Download or read book Two Hundred Years of American Communes written by Iaácov Oved and published by Transaction Publishers. This book was released on 1987-01-01 with total page 520 pages. Available in PDF, EPUB and Kindle. Book excerpt: The United States is the only modern nation in which communes have continuously existed for the past two hundred years. This definitive history of communes in America examines the major factors that have supported the existence and growth of communes throughout American history. The most impressive survey of the communal experience since the works of Noyes and Nordhoff, it is informed by a deep respect for the human subjects and organizational forms of American communes. The findings in the analytical chapters are of considerably theoretical import beyond the historical narrative. Oved details the founding, growth, development, and sometimes failure of alternative societies from 1735 to 1939: Icaria, Ephrata, Oneida, Shaker, religious, secular, and socialist communes. Extensive reference material cited will assure this work a special place in the archives of the literature on communes.

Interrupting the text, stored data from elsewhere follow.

(* Let $H:\mathbb{R}^{2m}\to\mathbb{R}$ be smooth and let $\bar y\in\mathbb{R}^{2m}$ be such that $F'=SH_{yy}(\bar y)$ is invertible. Consider the scheme $$y_{n+1}-y_n=\theta_n\,S\,\bar\nabla_sH(y_n,y_{n+1}),\qquad \theta_n=2(F')^{-1}\tanh\frac{h_nF'}{2}.$$ This scheme preserves the energy exactly: $H(y_{n+1})=H(y_n)$.
   Context: Notation: - $y=(x,p)\in\mathbb{R}^{2m}$, $y_n=(x_n,p_n)$, and $h_n$ is the time step. - $S=\begin{pmatrix}0&1\\-1&0\end{pmatrix}$ with $m\times m$ blocks. - $H_{yy}$ is the Hessian of $H$, so $F'=\begin{pmatrix}H_{px}&H_{pp}\\ -H_{xx}&-H_{xp}\end{pmatrix}$ at $\bar y$. $\bar\nabla_sH(y_n,y_{n+1})=\tfrac12\big(\bar\nabla H(y_n,y_{n+1})+\bar\nabla H(y_{n+1},y_n)\big)$ is the symmetrized coordinate increment discrete gradient, where $\bar\nabla H$ has components $$\frac{\Delta H}{\Delta y^j}=\frac{H(\hat y^j_n)-H(\hat y^{j-1}_n)}{y^j_{n+1}-y^j_n},\qquad \hat y^j_n=(y^1_{n+1},\dots,y^j_{n+1},y^{j+1}_n,\dots,y^{2m}_n),$$ with the partial derivative as limit when $y^j_{n+1}=y^j_n$. *)

theory Defs
  imports "HOL-Analysis.Analysis"
begin

text \<open>Phase space R^{2m} is modelled as real^('m bit0): the index type 'm bit0 has
  exactly 2m elements, linearly ordered via Rep_bit0 into {0..<2m}. Indices with
  Rep_bit0 i < m are the x-coordinates, the others the p-coordinates.\<close>

text \<open>The symplectic matrix S = [[0, 1], [-1, 0]] with m x m blocks.\<close>
definition symp_S :: "real^('m::finite bit0)^('m bit0)" where
  "symp_S = (\<chi> i j. let m = int CARD('m) in
      if Rep_bit0 i < m \<and> Rep_bit0 j = Rep_bit0 i + m then 1
      else if m \<le> Rep_bit0 i \<and> Rep_bit0 j = Rep_bit0 i - m then -1
      else 0)"

definition partial :: "(real^'n::finite \<Rightarrow> real) \<Rightarrow> 'n \<Rightarrow> real^'n \<Rightarrow> real" where
  "partial f j x = deriv (\<lambda>t. f (x + t *\<^sub>R axis j 1)) 0"

text \<open>Smoothness (C-infinity): f is continuous and every partial derivative exists
  everywhere and is again smooth (coinductively: continuous partials of all orders).\<close>
coinductive smooth_fun :: "(real^'n::finite \<Rightarrow> real) \<Rightarrow> bool" where
  "continuous_on UNIV f \<Longrightarrow>
   (\<And>j. (\<forall>x. (\<lambda>t. f (x + t *\<^sub>R axis j 1)) differentiable (at 0)) \<and>
         smooth_fun (partial f j)) \<Longrightarrow> smooth_fun f"

definition hessian :: "(real^'n::finite \<Rightarrow> real) \<Rightarrow> real^'n \<Rightarrow> real^'n^'n" where
  "hessian f x = (\<chi> i j. partial (partial f j) i x)"

fun mat_pow :: "real^'n::finite^'n \<Rightarrow> nat \<Rightarrow> real^'n^'n" where
  "mat_pow A 0 = mat 1"
| "mat_pow A (Suc k) = A ** mat_pow A k"

definition mat_exp :: "real^'n::finite^'n \<Rightarrow> real^'n^'n" where
  "mat_exp A = (\<Sum>k. (1 / fact k) *\<^sub>R mat_pow A k)"

definition mat_tanh :: "real^'n::finite^'n \<Rightarrow> real^'n^'n" where
  "mat_tanh A = (mat_exp A - mat_exp (- A)) ** matrix_inv (mat_exp A + mat_exp (- A))"

text \<open>Coordinate increment discrete gradient (Itoh-Abe), coordinates ordered by the
  linear order of the index type.\<close>
definition hat_le :: "(real, 'n::{finite,linorder}) vec \<Rightarrow> (real, 'n) vec \<Rightarrow> 'n \<Rightarrow> (real, 'n) vec" where
  "hat_le y0 y1 j = (\<chi> i. if i \<le> j then y1 $ i else y0 $ i)"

Download or read book Communal Life written by Yosef Gorni and published by Transaction Publishers. This book was released on 1987-01-01 with total page 768 pages. Available in PDF, EPUB and Kindle. Book excerpt: This remarkable compendium brings together more than eighty scholars from throughout the world to examine the experience of the kibbutz and communal living. Through careful examination of the ideological, historical, educational, sociological, and economic origins and realities of communal living, the contributors provide strong and positive support for the belief that a cooperative society can exist within an antagonistic, competitive system. Taken together, these contributions provide dialogue among and between those who research communal life, and those who live it.